My fellow McKeever Grapple College classmate Dan Richards had brought a worse-for-the-wear looking Scotty to an event in Marmet, West Virginia; to a rare smaller local event that I still do, due to the matchmaker being one of my longest friends in wrestling. The name of the promotion had changed, but the same promoter that had hosted the event where Scotty had broken-heartedly broken up with me was now hosting the event where I saw him for the first time, in many years, since our make-up.

 

“Hey, Scotty! It’s great to see you!” I said before the doors were about to open.

 

“It’s really great to see you, kid!” Said Scotty and his eyes told me that he meant the “really” in that sentence.

 

“Doors are opening!” Someone yelled.

 

“Gotta head to the back, Scotty.” I said.

 

“Alright, kid. I’m gonna hang out, out here, see if any a’you f***s know howta work!” Scotty said with an ornery grin.

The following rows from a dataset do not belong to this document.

lemma hdist_diam_geo: "hdist (diam_geo s) (diam_geo t) = \<bar>s - t\<bar>"
proof -
  have e: "cosh (s - t) = cosh \<bar>s - t\<bar>" by (simp add: abs_real_def)
  show ?thesis unfolding hdist_eq_arcosh_hcosh hcosh_diam_geo e by (rule arcosh_cosh_real) simp
qed

lemma hdist_circle:
  assumes r: "r \<ge> 0" and q: "cmod q = tanh (r / 2)"
  shows "hdist q 0 = r" and "hdist q (- q) = 2 * r"
proof -
  define a where "a = tanh (r / 2)"
  have a0: "a \<ge> 0" using r by (simp add: a_def)
  have ra: "diam_geo r = complex_of_real a" "diam_geo (- r) = - complex_of_real a"
    by (simp_all add: diam_geo_def a_def)
  have "hcosh q 0 = hcosh (diam_geo r) (diam_geo 0)"
    unfolding ra hcosh_commute[of q] hcosh_commute[of "complex_of_real a"]
    using q a0 by (simp add: hcosh_0_left diam_geo_def a_def)
  then show "hdist q 0 = r" using hdist_diam_geo[of r 0] r by (simp add: hdist_eq_arcosh_hcosh)
  have "cmod (q - - q) = 2 * a" "cmod (complex_of_real a - - complex_of_real a) = 2 * a"
    using q a0 by (simp_all add: norm_mult a_def)
  then have "hcosh q (- q) = hcosh (diam_geo r) (diam_geo (- r))"
    unfolding ra hcosh_def using q a0 by (simp add: a_def)
  then show "hdist q (- q) = 2 * r" using hdist_diam_geo[of r "- r"] r by (simp add: hdist_eq_arcosh_hcosh)
qed

text \<open>The foot of the perpendicular from \<open>u\<close> to the real diameter is the real \<open>p\<close> minimising
  \<open>hcosh u p\<close>; stationarity is \<open>Re u * p^2 - (1 + |u|^2) * p + Re u = 0\<close>, and \<open>diam_proj u\<close> is its
  root of modulus less than 1.\<close>
definition diam_proj :: "complex \<Rightarrow> real" where
  "diam_proj u = 2 * Re u / ((1 + (cmod u)^2) + sqrt ((1 + (cmod u)^2)^2 - 4 * (Re u)^2))"

lemma four_Re_sq_le: "4 * (Re u)^2 \<le> (1 + (cmod u)^2)^2"
proof -
  have "(1 - cmod u)^2 \<ge> 0" by simp
  then have "2 * cmod u \<le> 1 + (cmod u)^2" by (simp add: power2_eq_square algebra_simps)
  moreover have "\<bar>Re u\<bar> \<le> cmod u" by (rule abs_Re_le_cmod)
  ultimately have "(2 * \<bar>Re u\<bar>)^2 \<le> (1 + (cmod u)^2)^2" by (intro power_mono) auto
  then show ?thesis by (simp add: power_mult_distrib)
qed

lemma diam_proj_denom_pos: "1 + (cmod u)^2 + sqrt ((1 + (cmod u)^2)^2 - 4 * (Re u)^2) > 0"
  using four_Re_sq_le[of u] by (simp add: add_pos_nonneg)

lemma diam_proj_abs_less_1:
  assumes u: "u \<in> disc"
  shows "\<bar>diam_proj u\<bar> < 1"
proof -
  let ?c = "1 + (cmod u)^2" and ?S = "sqrt ((1 + (cmod u)^2)^2 - 4 * (Re u)^2)"
  have S: "?S \<ge> 0" using four_Re_sq_le[of u] by simp
  have "(1 - cmod u)^2 > 0" using u by (simp add: disc_iff)
  then have cu: "2 * cmod u < ?c" by (simp add: power2_eq_square algebra_simps)
  have "\<bar>diam_proj u\<bar> = 2 * \<bar>Re u\<bar> / (?c + ?S)"
    using diam_proj_denom_pos[of u] by (simp add: diam_proj_def abs_div)
  also have "\<dots> \<le> 2 * \<bar>Re u\<bar> / ?c"
    using S by (intro divide_left_mono) (auto intro!: mult_pos_pos simp: add_pos_nonneg)
  also have "\<dots> < 1" using abs_Re_le_cmod[of u] cu by (simp add: field_simps)
  finally show ?thesis .
qed

lemma diam_proj_quadratic: "Re u * (diam_proj u)^2 - (1 + (cmod u)^2) * diam_proj u + Re u = 0"
proof -
  let ?r = "Re u" and ?c = "1 + (cmod u)^2"
  define S where "S = sqrt (?c^2 - 4 * ?r^2)"
  define D where "D = ?c + S"
  have S2: "S^2 = ?c^2 - 4 * ?r^2" using four_Re_sq_le[of u] by (simp add: S_def)
  have pos: "D > 0" using diam_proj_denom_pos[of u] by (simp add: S_def D_def)
  have P: "diam_proj u = 2 * ?r / D" by (simp add: diam_proj_def S_def D_def)
  have "(?r * (diam_proj u)^2 - ?c * diam_proj u + ?r) * D^2 = ?r * (4 * ?r^2 - 2 * ?c * D + D^2)"
    unfolding P using pos by (simp add: field_simps power2_eq_square)
  also have "\<dots> = ?r * (4 * ?r^2 - ?c^2 + S^2)" by (simp add: D_def power2_eq_square algebra_simps)
  also have "\<dots> = 0" using S2 by simp
  finally show ?thesis using pos by simp
qed

lemma diam_proj_pos_le:
  assumes "Re u > 0"
  shows "0 < diam_proj u" and "diam_proj u \<le> 2 * Re u"
proof -
  define S where "S = sqrt ((1 + (cmod u)^2)^2 - 4 * (Re u)^2)"
  have "S \<ge> 0" using four_Re_sq_le[of u] by (simp add: S_def)
  then have den: "1 + (cmod u)^2 + S \<ge> 1" by simp
  have P: "diam_proj u = 2 * Re u / (1 + (cmod u)^2 + S)" by (simp add: diam_proj_def S_def)
  show "0 < diam_proj u" unfolding P using assms den by simp
  show "diam_proj u \<le> 2 * Re u" unfolding P using assms den by (simp add: divide_le_eq mult_le_cancel_left1)
qed

lemma norm_diff_of_real_sq: "(cmod (u - complex_of_real p))^2 = (cmod u)^2 - 2 * p * Re u + p^2"
  by (simp only: cmod_power2) (simp add: power2_eq_square algebra_simps)

lemma hcosh_diam_proj_less:
  assumes u: "u \<in> disc" and p: "\<bar>p\<bar> < 1" and ne: "p \<noteq> diam_proj u"
  shows "hcosh u (complex_of_real (diam_proj u)) < hcosh u (complex_of_real p)"
proof -
  let ?r = "Re u" and ?m = "(cmod u)^2" and ?p0 = "diam_proj u"
  have p0: "\<bar>?p0\<bar> < 1" and E: "?r * ?p0^2 - (1 + ?m) * ?p0 + ?r = 0"
    using diam_proj_abs_less_1[OF u] diam_proj_quadratic[of u] by auto
  have mu: "1 - ?m > 0" using disc_norm_sq_less_1[OF u] by simp
  have a1: "cmod u < 1" using u by (simp add: disc_iff)
  have ar: "\<bar>?r\<bar> \<le> cmod u" by (rule abs_Re_le_cmod)
  have "\<bar>?r\<bar> * \<bar>?p0\<bar> \<le> cmod u * 1" using ar p0 by (intro mult_mono) auto
  then have "\<bar>?r * ?p0\<bar> \<le> cmod u" by (simp add: abs_mult)
  moreover have "(1 - cmod u)^2 > 0" using a1 by simp
  then have "2 * cmod u < 1 + ?m" by (simp add: power2_eq_square algebra_simps)
  ultimately have K: "1 + ?m - 2 * ?r * ?p0 > 0" by linarith
  have pp: "1 - p^2 > 0" and pp0: "1 - ?p0^2 > 0" using p p0 by (simp_all add: abs_square_less_1)
  have id: "(?m - 2 * p * ?r + p^2) * (1 - ?p0^2) - (?m - 2 * ?p0 * ?r + ?p0^2) * (1 - p^2)
     = (p - ?p0)^2 * (1 + ?m - 2 * ?r * ?p0) - 2 * (p - ?p0) * (?r * ?p0^2 - (1 + ?m) * ?p0 + ?r)"
    by (simp add: algebra_simps power2_eq_square)
  have "(p - ?p0)^2 > 0" using ne by simp
  then have pos: "(?m - 2 * p * ?r + p^2) * (1 - ?p0^2) - (?m - 2 * ?p0 * ?r + ?p0^2) * (1 - p^2) > 0"
    unfolding id E using K by simp
  have "(?m - 2 * ?p0 * ?r + ?p0^2) / (1 - ?p0^2) < (?m - 2 * p * ?r + p^2) / (1 - p^2)"
    using pos pp pp0 by (simp add: divide_simps)
  then have "(2 / (1 - ?m)) * ((?m - 2 * ?p0 * ?r + ?p0^2) / (1 - ?p0^2)) < (2 / (1 - ?m)) * ((?m - 2 * p * ?r + p^2) / (1 - p^2))"
    using mu by (intro mult_strict_left_mono) auto
  moreover have "2 * X / ((1 - ?m) * (1 - q^2)) = (2 / (1 - ?m)) * (X / (1 - q^2))" for X q :: real
    by simp
  ultimately show ?thesis unfolding hcosh_def norm_diff_of_real_sq by simp
qed

definition diam_dist :: "complex \<Rightarrow> real" where
  "diam_dist u = hdist u (complex_of_real (diam_proj u))"

definition diam_par :: "complex \<Rightarrow> real" where
  "diam_par u = 2 * artanh (diam_proj u)"

lemma diam_geo_diam_par: "u \<in> disc \<Longrightarrow> diam_geo (diam_par u) = complex_of_real (diam_proj u)"
  using tanh_artanh_real[OF diam_proj_abs_less_1] by (simp add: diam_geo_def diam_par_def)

lemma diam_dist_less_hdist_diam_geo:
  assumes u: "u \<in> disc" and s: "s \<noteq> diam_par u"
  shows "diam_dist u < hdist u (diam_geo s)"
proof -
  have pu: "\<bar>diam_proj u\<bar> < 1" using diam_proj_abs_less_1[OF u] .
  have "tanh (s / 2) \<noteq> diam_proj u"
  proof
    assume "tanh (s / 2) = diam_proj u"
    then have "artanh (tanh (s / 2)) = artanh (diam_proj u)" by simp
    then show False using s by (simp add: artanh_tanh_real diam_par_def)
  qed
  then have "hcosh u (complex_of_real (diam_proj u)) < hcosh u (diam_geo s)"
    using hcosh_diam_proj_less[OF u] tanh_real_bounds[of "s/2"] by (simp add: diam_geo_def abs_less_iff)
  then show ?thesis
    unfolding diam_dist_def using hdist_less_iff_hcosh u diam_geo_in_disc of_real_in_disc[OF pu] by blast
qed

section \<open>Unit speed geodesics\<close>

lemma norm_diff_sq_if_hcosh_eq:
  assumes u: "u \<in> disc" and v: "v \<in> disc" and p: "\<bar>p\<bar> < 1" and q: "\<bar>q\<bar> < 1"
    and up: "cmod u = \<bar>p\<bar>" and vq: "cmod v = \<bar>q\<bar>"
    and h: "hcosh u v = hcosh (complex_of_real p) (complex_of_real q)"
  shows "(cmod (u - v))^2 = (p - q)^2"
proof -
  have d1: "1 - p^2 > 0" "1 - q^2 > 0" using p q by (auto simp: abs_square_less_1)
  have "(cmod u)^2 = p^2" "(cmod v)^2 = q^2" using up vq by simp_all
  then have "2 * (cmod (u - v))^2 / ((1 - p^2) * (1 - q^2)) = 2 * (p - q)^2 / ((1 - p^2) * (1 - q^2))"
    using h unfolding hcosh_def by (simp flip: of_real_diff)
  then show ?thesis using d1 by (simp add: divide_simps)
qed

lemma eq_of_real_mult_unit:
  assumes up: "cmod u = \<bar>p\<bar>" and e: "cmod e = 1" and q: "q \<noteq> 0"
    and h: "(cmod (u - complex_of_real q * e))^2 = (p - q)^2"
  shows "u = complex_of_real p * e"
proof -
  define w where "w = u * cnj e"
  have ee: "e * cnj e = 1" using e complex_norm_square[of e] by simp
  have uw: "u = w * e" unfolding w_def using ee by (simp add: mult.assoc mult.commute)
  have cw: "cmod w = \<bar>p\<bar>" using up e by (simp add: w_def norm_mult)
  have "u - complex_of_real q * e = (w - complex_of_real q) * e" unfolding uw by (simp add: algebra_simps)
  then have "cmod (u - complex_of_real q * e) = cmod (w - complex_of_real q)" using e by (simp add: norm_mult)
  then have 1: "(Re w - q)^2 + (Im w)^2 = (p - q)^2" using h by (simp add: cmod_power2)
  have 2: "(Re w)^2 + (Im w)^2 = p^2" using cw by (metis cmod_power2 power2_abs)
  have "q * (Re w - p) = (((Re w)^2 + (Im w)^2 - p^2) - ((Re w - q)^2 + (Im w)^2 - (p - q)^2)) / 2"
    by (simp add: power2_eq_square algebra_simps)
  also have "\<dots> = 0" using 1 2 by simp
  finally have "q * (Re w - p) = 0" .
  then have rw: "Re w = p" using q by simp
  then have "Im w = 0" using 2 by simp
  then have "w = complex_of_real p" using rw by (simp add: complex_eq_iff)
  then show ?thesis using uw by simp
qed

“Fair enough.” I replied as I turned and walked towards the dressing room area.

 

In the locker room I told Dan, “Scotty hasn’t seen me wrestle a match in probably a decade. I hope he doesn’t bury me too much for doing all my fancy stuff.” With a half-laugh to show that I was only half-joking, I added, “He was pissed at Waylon for teaching me how to do a backflip reversal to a belly-to-back suplex, wait till he sees the sh** I do, now.”

 

Dan laughed but said in a very sincere tone, “I’m sure he’ll love it.”

 

I went out and did twenty five minutes of weird-Kincaid-sh**, with a little McKeever-trained classic wrestling and storytelling sprinkled in.

 

When the match ended, I felt pretty good about it, but in the back of my mind I was replaying Scotty downtalking matches that I loved to watch when I sat in meditation pose on his living room floor, in front of his curve-screened TV, on his VCR, over a decade earlier.

 

After I dressed back into street clothes, I the no-longer-green walked the  green mile to find Scotty and receive my judgement for which I was sure I was going to be ruled guilty of being one of those f***s that “do too futtin’ much”.

 

“Hey, Scotty, I-” I started to say when I found him.

 

“Now, I want you to listen here, kid.” Scotty said. “I know I never really amounted to a whole lot in this business, but I just want you to futtin’ know that I know rasslin’...” Scotty added and then paused to stare intensely into my eyes, as if he was examining the individual pieces of my human character, one by one, then he cocked his head sideways and said, “And I’m so futtin’ proud of you!”

 

“Thank you, Sc-” I started.

 

“Now, I told you to listen! I ain’t futtin’ done talkin’, yet! Listen, when I first talked to you and you said you knew howta bump… when I first seent you with that damn frizzy hair you use to have and lookin’ like you ain’t never had a decent meal… hell, even when you started comin’ on the road and workin’ with me...I never imagined you’d turn out the worker you have.” Scotty added.

 

I saw Scotty a handful of times after that. Each time he looked a little worse off than the last. Each time we bulls***ed like the long lost friends we were.

 

The last words I said to Scotty McKeever were, “I love you, Scotty.”

 

The last words Scotty McKeever said to me were, “I love you, too, Kid. I mean it!”

 

The second to last words Scotty McKeever said to me was, “I been followin’ all your stuff on Facebook, signin’ contracts and rasslin’ all over, and sh**, I know you’re probably sick a’hearin’ it, but just so you know: I’m futtin’ proud of you, boy!”

 

The second to last words I said to Scotty McKeever were, “Thank you, Sc-” He started to interrupt me but I cut him off, saying, “Now listen to me, McKeever! You need to hear this: I am so f***ing grateful to you for getting me started in this business, for teaching me how to turn a wrestling match into a work of art, for how to take care of our brothers and sisters on the road through generosity, for how to take the next generation after you under your wing and help them become better, for showing me how to put others before yourself - both in and out of the ring!” I paused to stare into his ever-pained-by-demons-of-the-past eyes to watch the demons take a bath in swelling joy-tears, then said with a tone that I hoped would at least imitate the intensity of a chant from a full crowd, “Thank. You. Scotty!”

 

Thank-You-Scotty

clapclap clapclapclap

 

Thank-You-Scotty

clapclap clapclapclap

 

Time heals all wounds, even an oft-broken heart.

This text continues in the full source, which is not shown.